Pharmaceutical Intervention in the Coordinated Care Pathway for Cancer Patients Treated With Oral Therapy
Overview
- Phase
- N/A
- Intervention
- Not specified
- Conditions
- Advanced or Metastatic Solid Tumor
- Sponsor
- Institut Cancerologie de l'Ouest
- Enrollment
- 396
- Locations
- 6
- Primary Endpoint
- Impact of the coordinated pharmaceutical path on the tolerance of oral therapies against cancer.
- Status
- Recruiting
- Last Updated
- 4 years ago
Overview
Brief Summary
The rise of oral therapies in the management of cancers has considerably changed the patient care path. If the oral route is preferred by patients because it offers a better quality of life, it is not without impact for patients and the health professionals involved in their management in their care. Indeed, the use of the oral route shifts part of the responsibility for monitoring treatment towards the patient, thereby leading to compliance problems, drug interactions and the management of adverse effects.These risks can cause complications or compromise the effectiveness of treatment, and generate additional costs for the investigator's health system. The study proposes to involve Healthcare Facilities Pharmacist and the Dispensary Pharmacist with all other health professionals.First, the hospital pharmacist will operate before the initiation of an oral route to perform a clinical pharmaceutical analysis of drug prescriptions. Then after the primary prescription and finally during a follow-up consultation 3 months after the initiation of treatment.

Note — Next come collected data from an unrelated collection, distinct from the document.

(* Let $P^1,\dots,P^4\in\mathbb{R}^n$ be in general position, let $Q^0$ be the equidistant point from $P^1,\dots,P^4$ with barycentric coordinate $\boldsymbol\lambda^0$, and suppose $\lambda^0_1<0$, $\lambda^0_2<0$, $\lambda^0_3\ge0$, $\lambda^0_4\ge0$. Let $Q^{1(1)}=\pi(Q^0|L(P^2,P^3,P^4))$ and $Q^{1(2)}=\pi(Q^0|L(P^1,P^3,P^4))$, with barycentric coordinates $\boldsymbol\lambda^{1(1)},\boldsymbol\lambda^{1(2)}$ about $P^1,\dots,P^4$, and suppose $\lambda^{1(2)}_1<0$. If moreover $\lambda^{1(1)}_2\ge0$, $\lambda^{1(1)}_3\ge0$, $\lambda^{1(1)}_4\ge0$, then the center of the smallest enclosing circle of $P^1,\dots,P^4$ is $Q^\ast=Q^{1(1)}$ and its radius is $d^\ast=d(P^2,Q^{1(1)})$.
   Context: $d$ is the Euclidean distance. Points are in general position if $P^2-P^1,\dots,P^m-P^1$ are linearly independent. $L(S^1,\dots,S^r)$ is the affine subspace spanned by the points; $\pi(Q'|L)$ is the orthogonal projection onto the affine subspace $L$. The barycentric coordinate of $Q\in L(P^1,\dots,P^m)$ is the unique $\boldsymbol\lambda$ with $\sum_i\lambda_i=1$, $Q=\sum_i\lambda_iP^i$. The equidistant point is the unique $Q^0\in L(P^1,\dots,P^m)$ with all $d(P^i,Q^0)$ equal. The smallest enclosing circle has center $Q^\ast$ attaining $\min_Q\max_i d(P^i,Q)$ and radius $d^\ast$ equal to this minimum. *)

theory Defs
  imports "HOL-Analysis.Analysis"
begin

text \<open>Points are a family P :: nat => 'a indexed by 1..m.\<close>

definition general_position :: "(nat \<Rightarrow> 'a::euclidean_space) \<Rightarrow> nat \<Rightarrow> bool" where
  "general_position P m \<longleftrightarrow>
     (\<forall>c::nat \<Rightarrow> real. (\<Sum>i\<in>{2..m}. c i *\<^sub>R (P i - P 1)) = 0 \<longrightarrow> (\<forall>i\<in>{2..m}. c i = 0))"

definition aff_span :: "(nat \<Rightarrow> 'a::euclidean_space) \<Rightarrow> nat set \<Rightarrow> 'a set" where
  "aff_span P S = affine hull (P ` S)"

definition orth_proj :: "'a::euclidean_space \<Rightarrow> 'a set \<Rightarrow> 'a" where
  "orth_proj Q L = (THE q. q \<in> L \<and> (\<forall>x\<in>L. (Q - q) \<bullet> (x - q) = 0))"

definition bary :: "(nat \<Rightarrow> 'a::euclidean_space) \<Rightarrow> nat \<Rightarrow> 'a \<Rightarrow> (nat \<Rightarrow> real)" where
  "bary P m Q = (THE l. (\<forall>i. i \<notin> {1..m} \<longrightarrow> l i = 0) \<and> (\<Sum>i\<in>{1..m}. l i) = 1
                       \<and> Q = (\<Sum>i\<in>{1..m}. l i *\<^sub>R P i))"

definition equidistant_point :: "(nat \<Rightarrow> 'a::euclidean_space) \<Rightarrow> nat \<Rightarrow> 'a" where
  "equidistant_point P m = (THE Q. Q \<in> aff_span P {1..m} \<and>
       (\<forall>i\<in>{1..m}. \<forall>j\<in>{1..m}. dist (P i) Q = dist (P j) Q))"

definition max_dist :: "(nat \<Rightarrow> 'a::euclidean_space) \<Rightarrow> nat \<Rightarrow> 'a \<Rightarrow> real" where
  "max_dist P m Q = Max ((\<lambda>i. dist (P i) Q) ` {1..m})"

definition sec_center :: "(nat \<Rightarrow> 'a::euclidean_space) \<Rightarrow> nat \<Rightarrow> 'a" where
  "sec_center P m = (THE Q. \<forall>Q'. max_dist P m Q \<le> max_dist P m Q')"

definition sec_radius :: "(nat \<Rightarrow> 'a::euclidean_space) \<Rightarrow> nat \<Rightarrow> real" where
  "sec_radius P m = (INF Q. max_dist P m Q)"

end

theory Submission
  imports Defs
begin

text \<open>
  Let \<open>C\<close> be the foot of the perpendicular from the equidistant point \<open>Q\<^sup>0\<close> onto the plane
  of \<open>P\<^sup>2, P\<^sup>3, P\<^sup>4\<close>. By Pythagoras \<open>C\<close> is equidistant from these three points, at distance
  \<open>r\<close> say. Since the coordinate of \<open>Q\<^sup>0\<close> at \<open>P\<^sup>1\<close> is negative, \<open>P\<^sup>1\<close> lies on the far side of
  the hyperplane through \<open>C\<close> orthogonal to \<open>Q\<^sup>0 - C\<close>, hence within distance \<open>r\<close> of \<open>C\<close>.
  Finally \<open>C = \<Sum> w\<^sub>j P\<^sup>j\<close> is a convex combination of points at distance \<open>r\<close>, and the identity
  \<open>\<Sum> w\<^sub>j d(P\<^sup>j, X)\<^sup>2 = r\<^sup>2 + d(C, X)\<^sup>2\<close> shows that every centre \<open>X \<noteq> C\<close> leaves some point
  farther than \<open>r\<close> away.
\<close>

lemma affine_hull_image_imp_affine_combination:
  fixes P :: "'i \<Rightarrow> 'a::real_vector"
  assumes "finite S" "x \<in> affine hull (P ` S)"
  obtains l where "sum l S = 1" "x = (\<Sum>i\<in>S. l i *\<^sub>R P i)"
proof -
  let ?A = "{x. \<exists>l. sum l S = 1 \<and> x = (\<Sum>i\<in>S. l i *\<^sub>R P i)}"
  have "P ` S \<subseteq> ?A"
  proof clarify
    fix i assume "i \<in> S"
    then show "\<exists>l. sum l S = 1 \<and> P i = (\<Sum>j\<in>S. l j *\<^sub>R P j)"
    proof (intro exI[of _ "\<lambda>j. if j = i then 1 else 0"] conjI)
      have "(\<Sum>j\<in>S. (if j = i then 1 else 0) *\<^sub>R P j) = (\<Sum>j\<in>S. if j = i then P j else 0)"
        by (intro sum.cong) auto
      then show "P i = (\<Sum>j\<in>S. (if j = i then 1 else 0) *\<^sub>R P j)"
        using \<open>i \<in> S\<close> \<open>finite S\<close> by simp
    qed (use \<open>i \<in> S\<close> \<open>finite S\<close> in simp)
  qed
  moreover have "affine ?A"
    unfolding affine_def
  proof clarify
    fix l1 l2 :: "'i \<Rightarrow> real" and u v :: real
    assume "sum l1 S = 1" "sum l2 S = 1" "u + v = 1"
    then show "\<exists>l. sum l S = 1 \<and> u *\<^sub>R (\<Sum>i\<in>S. l1 i *\<^sub>R P i) + v *\<^sub>R (\<Sum>i\<in>S. l2 i *\<^sub>R P i) = (\<Sum>i\<in>S. l i *\<^sub>R P i)"
      by (intro exI[of _ "\<lambda>i. u * l1 i + v * l2 i"])
         (simp add: sum.distrib scaleR_sum_right scaleR_add_left flip: sum_distrib_left)
  qed
  ultimately have "affine hull (P ` S) \<subseteq> ?A" by (rule hull_minimal)
  with assms that show ?thesis by blast
qed

lemma general_position_affinely_independent:
  fixes P :: "nat \<Rightarrow> 'a::euclidean_space"
  assumes "general_position P m" "sum c {1..m} = 0" "(\<Sum>i\<in>{1..m}. c i *\<^sub>R P i) = 0"
    and i: "i \<in> {1..m}"
  shows "c i = 0"
proof -
  have sum_split: "sum f {1..m} = f 1 + sum f {2..m}" for f :: "nat \<Rightarrow> 'b::comm_monoid_add"
    using i sum.atLeast_Suc_atMost[of 1 m f] by (simp add: numeral_2_eq_2)
  have "(\<Sum>i\<in>{2..m}. c i *\<^sub>R (P i - P 1)) = (\<Sum>i\<in>{1..m}. c i *\<^sub>R (P i - P 1))"
    by (subst sum_split) simp
  also have "\<dots> = (\<Sum>i\<in>{1..m}. c i *\<^sub>R P i) - sum c {1..m} *\<^sub>R P 1"
    by (simp add: scaleR_diff_right sum_subtractf scaleR_sum_left)
  finally have "\<forall>i\<in>{2..m}. c i = 0"
    using assms(1-3) unfolding general_position_def by simp
  moreover from this have "c 1 = 0" using assms(2) unfolding sum_split by simp
  ultimately show ?thesis using i by (cases "i = 1") auto
qed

The hypothesis of the study is that the coordinated intervention of the hospital pharmacist and of the dispensary pharmacist would improve the tolerance of oral treatments by reducing the number of serious adverse effects found, as well as improve the, quality of life, patient and professional satisfaction
Investigators
Eligibility Criteria
Inclusion Criteria
- •Patient aged 18 years old or more
- •Having given his written consent to participate in the study
- •Patients with advanced or metastatic solid tumor or relapsed hematologic malignancy
- •With an initiation of oral therapy
- •Performance Status 0, 1 or 2
Exclusion Criteria
- •Patient receiving ongoing intravenous (IV) or subcutaneous (SC) anticancer treatment
- •Patient receiving ongoing oral therapy
- •Patient receiving first-generation hormone therapy
- •Patient receiving ongoing a coordinated pharmaceutical path
- •Patient participating in a therapeutic education program including a pharmacist
- •Patient already included in an interventional clinical trial
- •Oral therapy with Temporary Authorisation
- •Patient in a health or medico-social institution
- •Patient protected, under guardianship or unable to give free and informed consent
- •Patient does not speak French
Outcomes
Primary Outcomes
Impact of the coordinated pharmaceutical path on the tolerance of oral therapies against cancer.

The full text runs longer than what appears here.